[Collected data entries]
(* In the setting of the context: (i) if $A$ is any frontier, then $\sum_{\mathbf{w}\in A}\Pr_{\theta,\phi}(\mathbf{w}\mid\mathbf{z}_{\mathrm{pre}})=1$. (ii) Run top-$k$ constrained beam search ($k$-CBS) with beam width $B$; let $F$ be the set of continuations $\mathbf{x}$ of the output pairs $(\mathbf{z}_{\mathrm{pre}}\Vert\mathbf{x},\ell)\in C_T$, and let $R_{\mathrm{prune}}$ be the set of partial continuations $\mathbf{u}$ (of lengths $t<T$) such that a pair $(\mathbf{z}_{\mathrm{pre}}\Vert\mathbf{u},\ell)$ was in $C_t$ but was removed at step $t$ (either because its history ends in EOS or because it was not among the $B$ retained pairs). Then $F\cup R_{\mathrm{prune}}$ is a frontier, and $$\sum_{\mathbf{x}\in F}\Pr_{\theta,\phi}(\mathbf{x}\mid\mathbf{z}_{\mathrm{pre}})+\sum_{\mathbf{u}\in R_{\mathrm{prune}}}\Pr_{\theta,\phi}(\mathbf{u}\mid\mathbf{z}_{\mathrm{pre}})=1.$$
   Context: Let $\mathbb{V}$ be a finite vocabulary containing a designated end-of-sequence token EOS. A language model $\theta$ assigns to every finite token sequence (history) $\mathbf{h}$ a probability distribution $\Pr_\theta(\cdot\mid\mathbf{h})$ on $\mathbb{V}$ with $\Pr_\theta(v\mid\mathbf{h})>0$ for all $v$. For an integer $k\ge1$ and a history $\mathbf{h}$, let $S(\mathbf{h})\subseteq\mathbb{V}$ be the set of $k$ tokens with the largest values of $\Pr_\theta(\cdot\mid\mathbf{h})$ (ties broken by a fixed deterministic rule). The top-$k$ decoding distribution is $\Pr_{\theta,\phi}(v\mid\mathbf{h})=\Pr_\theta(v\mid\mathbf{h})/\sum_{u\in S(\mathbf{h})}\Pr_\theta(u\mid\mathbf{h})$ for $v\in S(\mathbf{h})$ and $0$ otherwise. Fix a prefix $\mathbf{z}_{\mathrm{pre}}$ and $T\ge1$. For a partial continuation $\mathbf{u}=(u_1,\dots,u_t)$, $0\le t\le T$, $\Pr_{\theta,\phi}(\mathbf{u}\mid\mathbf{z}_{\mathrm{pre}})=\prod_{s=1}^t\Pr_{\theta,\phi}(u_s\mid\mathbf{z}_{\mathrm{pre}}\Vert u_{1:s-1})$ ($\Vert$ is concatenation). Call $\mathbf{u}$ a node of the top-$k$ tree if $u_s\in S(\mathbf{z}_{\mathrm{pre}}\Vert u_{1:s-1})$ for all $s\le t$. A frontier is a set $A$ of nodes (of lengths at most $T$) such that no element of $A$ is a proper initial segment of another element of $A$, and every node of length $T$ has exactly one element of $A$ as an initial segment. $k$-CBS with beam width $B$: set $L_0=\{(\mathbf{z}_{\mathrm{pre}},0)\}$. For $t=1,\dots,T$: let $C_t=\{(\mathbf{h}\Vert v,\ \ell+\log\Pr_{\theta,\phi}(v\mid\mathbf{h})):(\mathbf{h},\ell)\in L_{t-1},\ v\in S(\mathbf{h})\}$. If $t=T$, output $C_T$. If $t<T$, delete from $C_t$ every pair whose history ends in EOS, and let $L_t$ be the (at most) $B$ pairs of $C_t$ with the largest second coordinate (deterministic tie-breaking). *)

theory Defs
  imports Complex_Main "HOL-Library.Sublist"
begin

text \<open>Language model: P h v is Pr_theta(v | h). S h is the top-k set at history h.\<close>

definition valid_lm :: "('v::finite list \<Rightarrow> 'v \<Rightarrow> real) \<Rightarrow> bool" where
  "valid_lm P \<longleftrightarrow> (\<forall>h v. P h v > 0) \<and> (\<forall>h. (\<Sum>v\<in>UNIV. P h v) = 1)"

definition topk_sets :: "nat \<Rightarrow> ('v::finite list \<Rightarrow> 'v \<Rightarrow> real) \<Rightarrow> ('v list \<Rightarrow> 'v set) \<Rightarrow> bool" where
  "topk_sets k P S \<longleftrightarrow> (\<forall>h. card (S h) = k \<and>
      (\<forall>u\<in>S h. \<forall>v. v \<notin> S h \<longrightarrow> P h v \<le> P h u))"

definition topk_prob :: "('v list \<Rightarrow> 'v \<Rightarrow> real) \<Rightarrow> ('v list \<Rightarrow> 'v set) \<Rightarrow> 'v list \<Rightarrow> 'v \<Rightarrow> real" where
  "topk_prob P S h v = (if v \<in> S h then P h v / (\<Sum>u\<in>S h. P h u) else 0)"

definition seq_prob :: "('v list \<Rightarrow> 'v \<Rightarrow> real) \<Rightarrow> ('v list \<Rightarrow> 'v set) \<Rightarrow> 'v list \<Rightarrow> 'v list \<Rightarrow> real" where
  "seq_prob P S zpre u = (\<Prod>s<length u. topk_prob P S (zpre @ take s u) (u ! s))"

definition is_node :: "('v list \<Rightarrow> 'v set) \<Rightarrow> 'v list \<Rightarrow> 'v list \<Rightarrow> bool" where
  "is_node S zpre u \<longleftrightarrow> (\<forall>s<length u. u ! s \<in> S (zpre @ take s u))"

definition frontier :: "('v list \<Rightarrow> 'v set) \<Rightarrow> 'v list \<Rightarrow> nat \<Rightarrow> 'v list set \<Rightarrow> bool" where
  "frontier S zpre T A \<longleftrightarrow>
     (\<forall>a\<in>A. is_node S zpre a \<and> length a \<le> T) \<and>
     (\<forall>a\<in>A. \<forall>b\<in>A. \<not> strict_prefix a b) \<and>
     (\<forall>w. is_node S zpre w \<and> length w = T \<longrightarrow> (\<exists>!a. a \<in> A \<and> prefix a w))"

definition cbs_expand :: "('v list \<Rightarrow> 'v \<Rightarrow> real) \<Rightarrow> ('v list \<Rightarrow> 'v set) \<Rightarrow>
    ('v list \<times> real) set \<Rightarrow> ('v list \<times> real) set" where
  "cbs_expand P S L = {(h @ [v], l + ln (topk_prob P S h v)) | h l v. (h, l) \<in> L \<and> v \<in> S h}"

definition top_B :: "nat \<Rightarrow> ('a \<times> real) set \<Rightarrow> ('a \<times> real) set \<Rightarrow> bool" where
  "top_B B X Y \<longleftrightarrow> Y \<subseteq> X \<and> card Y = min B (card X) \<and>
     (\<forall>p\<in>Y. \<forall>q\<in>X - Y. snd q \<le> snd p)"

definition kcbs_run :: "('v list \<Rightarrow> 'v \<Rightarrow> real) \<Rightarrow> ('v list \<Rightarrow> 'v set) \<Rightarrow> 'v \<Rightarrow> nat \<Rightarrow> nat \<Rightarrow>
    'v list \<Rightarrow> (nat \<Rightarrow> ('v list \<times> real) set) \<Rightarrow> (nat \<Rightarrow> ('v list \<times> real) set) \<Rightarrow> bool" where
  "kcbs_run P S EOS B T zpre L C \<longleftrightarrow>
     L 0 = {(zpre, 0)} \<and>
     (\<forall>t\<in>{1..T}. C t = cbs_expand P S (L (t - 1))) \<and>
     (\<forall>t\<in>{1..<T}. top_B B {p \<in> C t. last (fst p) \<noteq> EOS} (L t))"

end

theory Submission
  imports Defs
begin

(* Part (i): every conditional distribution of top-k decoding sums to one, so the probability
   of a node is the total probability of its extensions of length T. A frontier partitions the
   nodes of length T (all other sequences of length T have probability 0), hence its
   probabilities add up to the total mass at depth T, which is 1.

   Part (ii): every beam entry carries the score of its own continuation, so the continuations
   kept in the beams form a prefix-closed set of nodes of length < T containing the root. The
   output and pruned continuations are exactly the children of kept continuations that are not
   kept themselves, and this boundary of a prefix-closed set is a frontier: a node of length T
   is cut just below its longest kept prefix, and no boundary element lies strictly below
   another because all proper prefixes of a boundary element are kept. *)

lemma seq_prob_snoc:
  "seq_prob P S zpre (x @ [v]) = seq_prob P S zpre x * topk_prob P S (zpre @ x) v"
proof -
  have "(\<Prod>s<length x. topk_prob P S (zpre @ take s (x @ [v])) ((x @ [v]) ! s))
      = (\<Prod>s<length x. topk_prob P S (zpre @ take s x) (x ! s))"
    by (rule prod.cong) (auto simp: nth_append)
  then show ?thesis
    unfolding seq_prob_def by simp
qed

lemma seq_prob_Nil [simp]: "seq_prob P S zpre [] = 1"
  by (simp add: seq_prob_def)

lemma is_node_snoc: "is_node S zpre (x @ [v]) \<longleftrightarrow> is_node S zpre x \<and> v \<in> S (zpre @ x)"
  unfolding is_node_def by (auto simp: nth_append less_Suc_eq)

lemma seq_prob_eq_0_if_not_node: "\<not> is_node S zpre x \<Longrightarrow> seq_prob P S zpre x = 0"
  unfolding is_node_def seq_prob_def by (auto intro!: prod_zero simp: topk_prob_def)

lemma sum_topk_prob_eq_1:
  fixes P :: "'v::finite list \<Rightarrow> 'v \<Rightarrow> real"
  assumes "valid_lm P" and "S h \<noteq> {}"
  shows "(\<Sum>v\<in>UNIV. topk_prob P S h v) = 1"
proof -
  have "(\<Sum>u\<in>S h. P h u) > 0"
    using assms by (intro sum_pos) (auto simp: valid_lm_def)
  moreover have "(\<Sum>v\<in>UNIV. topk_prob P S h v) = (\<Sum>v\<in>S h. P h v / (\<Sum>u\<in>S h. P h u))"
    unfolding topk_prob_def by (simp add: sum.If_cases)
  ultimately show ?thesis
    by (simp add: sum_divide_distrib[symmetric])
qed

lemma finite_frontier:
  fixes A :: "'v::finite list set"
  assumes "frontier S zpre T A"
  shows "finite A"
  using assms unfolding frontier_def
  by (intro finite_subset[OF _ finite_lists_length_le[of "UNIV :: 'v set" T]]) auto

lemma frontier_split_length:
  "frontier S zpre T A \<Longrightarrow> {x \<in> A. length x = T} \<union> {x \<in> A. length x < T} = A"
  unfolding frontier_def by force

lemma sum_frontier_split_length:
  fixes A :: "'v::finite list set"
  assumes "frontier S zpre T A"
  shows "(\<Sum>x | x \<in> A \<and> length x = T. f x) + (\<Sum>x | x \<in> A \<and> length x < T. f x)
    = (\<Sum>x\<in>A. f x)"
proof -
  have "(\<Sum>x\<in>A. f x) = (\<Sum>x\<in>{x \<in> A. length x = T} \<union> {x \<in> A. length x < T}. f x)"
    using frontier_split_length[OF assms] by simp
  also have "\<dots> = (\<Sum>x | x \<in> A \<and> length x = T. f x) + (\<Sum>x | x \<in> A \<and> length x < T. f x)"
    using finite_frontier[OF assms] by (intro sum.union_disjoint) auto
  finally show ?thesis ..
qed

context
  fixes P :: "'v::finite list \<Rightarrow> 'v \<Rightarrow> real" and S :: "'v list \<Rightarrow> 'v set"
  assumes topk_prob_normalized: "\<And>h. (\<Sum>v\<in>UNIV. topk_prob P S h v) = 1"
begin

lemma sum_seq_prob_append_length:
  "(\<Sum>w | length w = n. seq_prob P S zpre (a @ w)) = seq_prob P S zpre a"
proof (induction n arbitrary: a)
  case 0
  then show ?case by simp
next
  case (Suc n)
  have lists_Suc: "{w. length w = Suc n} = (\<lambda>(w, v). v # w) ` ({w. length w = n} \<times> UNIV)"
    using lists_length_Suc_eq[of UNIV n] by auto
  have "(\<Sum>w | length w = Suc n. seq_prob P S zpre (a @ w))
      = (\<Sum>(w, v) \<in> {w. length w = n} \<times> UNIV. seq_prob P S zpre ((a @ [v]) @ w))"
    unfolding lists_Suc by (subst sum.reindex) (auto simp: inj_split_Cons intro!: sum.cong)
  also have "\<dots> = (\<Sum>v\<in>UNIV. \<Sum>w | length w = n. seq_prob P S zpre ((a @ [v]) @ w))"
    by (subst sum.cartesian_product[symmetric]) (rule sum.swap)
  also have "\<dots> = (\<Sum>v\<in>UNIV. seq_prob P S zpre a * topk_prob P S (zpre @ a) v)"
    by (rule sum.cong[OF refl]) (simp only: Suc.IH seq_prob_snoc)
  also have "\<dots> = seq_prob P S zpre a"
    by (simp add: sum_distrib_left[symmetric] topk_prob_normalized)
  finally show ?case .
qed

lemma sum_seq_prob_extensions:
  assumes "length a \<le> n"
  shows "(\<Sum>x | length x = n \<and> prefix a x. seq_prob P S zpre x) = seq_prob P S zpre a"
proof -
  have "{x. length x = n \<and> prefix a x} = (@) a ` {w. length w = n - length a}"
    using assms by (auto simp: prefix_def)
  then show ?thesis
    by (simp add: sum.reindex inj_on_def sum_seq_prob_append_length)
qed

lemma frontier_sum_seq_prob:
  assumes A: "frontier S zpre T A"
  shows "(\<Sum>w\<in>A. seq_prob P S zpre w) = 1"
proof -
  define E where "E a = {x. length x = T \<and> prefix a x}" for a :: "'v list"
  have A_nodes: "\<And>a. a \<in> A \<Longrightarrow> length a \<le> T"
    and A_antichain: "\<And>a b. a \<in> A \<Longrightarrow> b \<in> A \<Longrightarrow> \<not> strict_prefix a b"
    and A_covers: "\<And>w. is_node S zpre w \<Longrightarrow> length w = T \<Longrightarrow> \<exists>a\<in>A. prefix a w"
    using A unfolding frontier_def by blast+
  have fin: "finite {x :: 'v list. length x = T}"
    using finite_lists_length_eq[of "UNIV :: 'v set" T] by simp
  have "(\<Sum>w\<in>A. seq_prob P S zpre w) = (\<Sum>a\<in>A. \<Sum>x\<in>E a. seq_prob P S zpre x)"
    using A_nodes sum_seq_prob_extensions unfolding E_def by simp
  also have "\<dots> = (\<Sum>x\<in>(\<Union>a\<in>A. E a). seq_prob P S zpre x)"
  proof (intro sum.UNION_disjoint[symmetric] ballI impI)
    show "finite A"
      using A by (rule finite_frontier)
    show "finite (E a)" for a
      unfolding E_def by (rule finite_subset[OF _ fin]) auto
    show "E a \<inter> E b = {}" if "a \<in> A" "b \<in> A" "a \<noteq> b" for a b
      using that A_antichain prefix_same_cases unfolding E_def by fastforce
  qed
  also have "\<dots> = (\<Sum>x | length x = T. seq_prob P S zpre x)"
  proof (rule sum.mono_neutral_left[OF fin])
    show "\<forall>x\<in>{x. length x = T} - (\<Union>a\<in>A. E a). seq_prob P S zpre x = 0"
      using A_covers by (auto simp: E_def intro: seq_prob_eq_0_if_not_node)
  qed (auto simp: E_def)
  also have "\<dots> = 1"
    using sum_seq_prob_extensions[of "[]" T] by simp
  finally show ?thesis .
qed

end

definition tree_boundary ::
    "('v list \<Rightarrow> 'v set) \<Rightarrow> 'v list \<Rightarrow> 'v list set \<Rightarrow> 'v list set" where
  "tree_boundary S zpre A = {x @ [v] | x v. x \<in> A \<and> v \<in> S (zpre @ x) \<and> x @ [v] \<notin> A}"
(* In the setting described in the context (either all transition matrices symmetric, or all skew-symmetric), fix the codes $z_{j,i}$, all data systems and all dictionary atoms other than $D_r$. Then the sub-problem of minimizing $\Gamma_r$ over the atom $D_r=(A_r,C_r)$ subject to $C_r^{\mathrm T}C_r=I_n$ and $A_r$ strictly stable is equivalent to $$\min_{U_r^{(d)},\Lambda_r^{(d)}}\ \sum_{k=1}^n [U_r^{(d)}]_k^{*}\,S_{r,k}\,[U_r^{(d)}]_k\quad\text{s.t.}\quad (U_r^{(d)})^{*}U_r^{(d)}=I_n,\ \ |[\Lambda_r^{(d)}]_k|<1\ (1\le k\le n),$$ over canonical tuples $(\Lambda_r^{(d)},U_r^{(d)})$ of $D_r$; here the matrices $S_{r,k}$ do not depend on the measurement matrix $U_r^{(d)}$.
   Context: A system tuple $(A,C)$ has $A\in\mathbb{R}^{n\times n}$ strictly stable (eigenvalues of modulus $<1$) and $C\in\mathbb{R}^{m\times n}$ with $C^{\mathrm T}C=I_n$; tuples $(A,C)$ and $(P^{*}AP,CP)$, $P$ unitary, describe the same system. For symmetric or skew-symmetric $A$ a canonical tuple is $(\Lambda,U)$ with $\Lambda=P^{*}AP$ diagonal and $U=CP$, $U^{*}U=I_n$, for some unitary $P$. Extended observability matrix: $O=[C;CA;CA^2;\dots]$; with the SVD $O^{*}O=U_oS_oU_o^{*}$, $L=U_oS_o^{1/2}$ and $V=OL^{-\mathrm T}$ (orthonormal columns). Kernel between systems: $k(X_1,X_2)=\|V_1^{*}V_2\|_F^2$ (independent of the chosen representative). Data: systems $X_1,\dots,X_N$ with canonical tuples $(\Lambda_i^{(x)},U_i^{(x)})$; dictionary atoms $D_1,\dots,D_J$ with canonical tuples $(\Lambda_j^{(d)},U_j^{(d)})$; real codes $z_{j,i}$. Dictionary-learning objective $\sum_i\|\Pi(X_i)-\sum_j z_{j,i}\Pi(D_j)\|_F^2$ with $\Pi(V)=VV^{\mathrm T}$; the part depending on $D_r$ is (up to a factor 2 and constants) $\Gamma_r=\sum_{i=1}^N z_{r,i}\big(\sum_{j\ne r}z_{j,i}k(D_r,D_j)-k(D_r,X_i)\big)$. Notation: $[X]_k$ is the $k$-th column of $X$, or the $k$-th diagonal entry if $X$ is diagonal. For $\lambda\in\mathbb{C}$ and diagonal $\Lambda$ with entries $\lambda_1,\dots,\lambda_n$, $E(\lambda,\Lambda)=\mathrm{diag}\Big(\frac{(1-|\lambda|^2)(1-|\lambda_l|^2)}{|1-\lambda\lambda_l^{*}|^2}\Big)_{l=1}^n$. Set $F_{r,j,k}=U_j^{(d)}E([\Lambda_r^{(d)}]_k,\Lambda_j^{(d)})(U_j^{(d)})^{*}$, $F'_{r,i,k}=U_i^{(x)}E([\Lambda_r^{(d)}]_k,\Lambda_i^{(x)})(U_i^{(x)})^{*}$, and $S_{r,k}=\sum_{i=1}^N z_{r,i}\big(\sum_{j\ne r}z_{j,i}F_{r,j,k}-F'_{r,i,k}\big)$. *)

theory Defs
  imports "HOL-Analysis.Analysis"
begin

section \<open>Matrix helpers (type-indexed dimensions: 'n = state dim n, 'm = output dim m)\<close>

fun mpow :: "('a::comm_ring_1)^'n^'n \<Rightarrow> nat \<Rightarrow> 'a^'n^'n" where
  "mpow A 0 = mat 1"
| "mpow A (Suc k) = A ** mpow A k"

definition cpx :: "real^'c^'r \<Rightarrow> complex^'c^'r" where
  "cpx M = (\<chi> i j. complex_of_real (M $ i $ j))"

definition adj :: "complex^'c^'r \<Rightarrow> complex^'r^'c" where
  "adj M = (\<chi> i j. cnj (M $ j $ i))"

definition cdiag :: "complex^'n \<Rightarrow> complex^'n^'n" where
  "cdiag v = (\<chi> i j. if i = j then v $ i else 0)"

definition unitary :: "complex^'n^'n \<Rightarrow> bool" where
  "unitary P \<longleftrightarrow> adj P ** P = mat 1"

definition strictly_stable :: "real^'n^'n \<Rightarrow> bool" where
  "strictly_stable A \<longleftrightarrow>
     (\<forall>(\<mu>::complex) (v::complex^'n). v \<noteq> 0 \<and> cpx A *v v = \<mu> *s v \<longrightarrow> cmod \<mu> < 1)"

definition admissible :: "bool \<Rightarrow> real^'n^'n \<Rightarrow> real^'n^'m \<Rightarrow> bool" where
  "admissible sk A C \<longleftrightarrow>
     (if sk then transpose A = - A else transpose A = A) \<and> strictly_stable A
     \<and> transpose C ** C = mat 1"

EXERCISE DETAILS — Where does the string "cdiag" occur in the data above? Copy every line that holds it.

EXERCISE ANSWER —
definition cdiag :: "complex^'n \<Rightarrow> complex^'n^'n" where
  "cdiag v = (\<chi> i j. if i = j then v $ i else 0)"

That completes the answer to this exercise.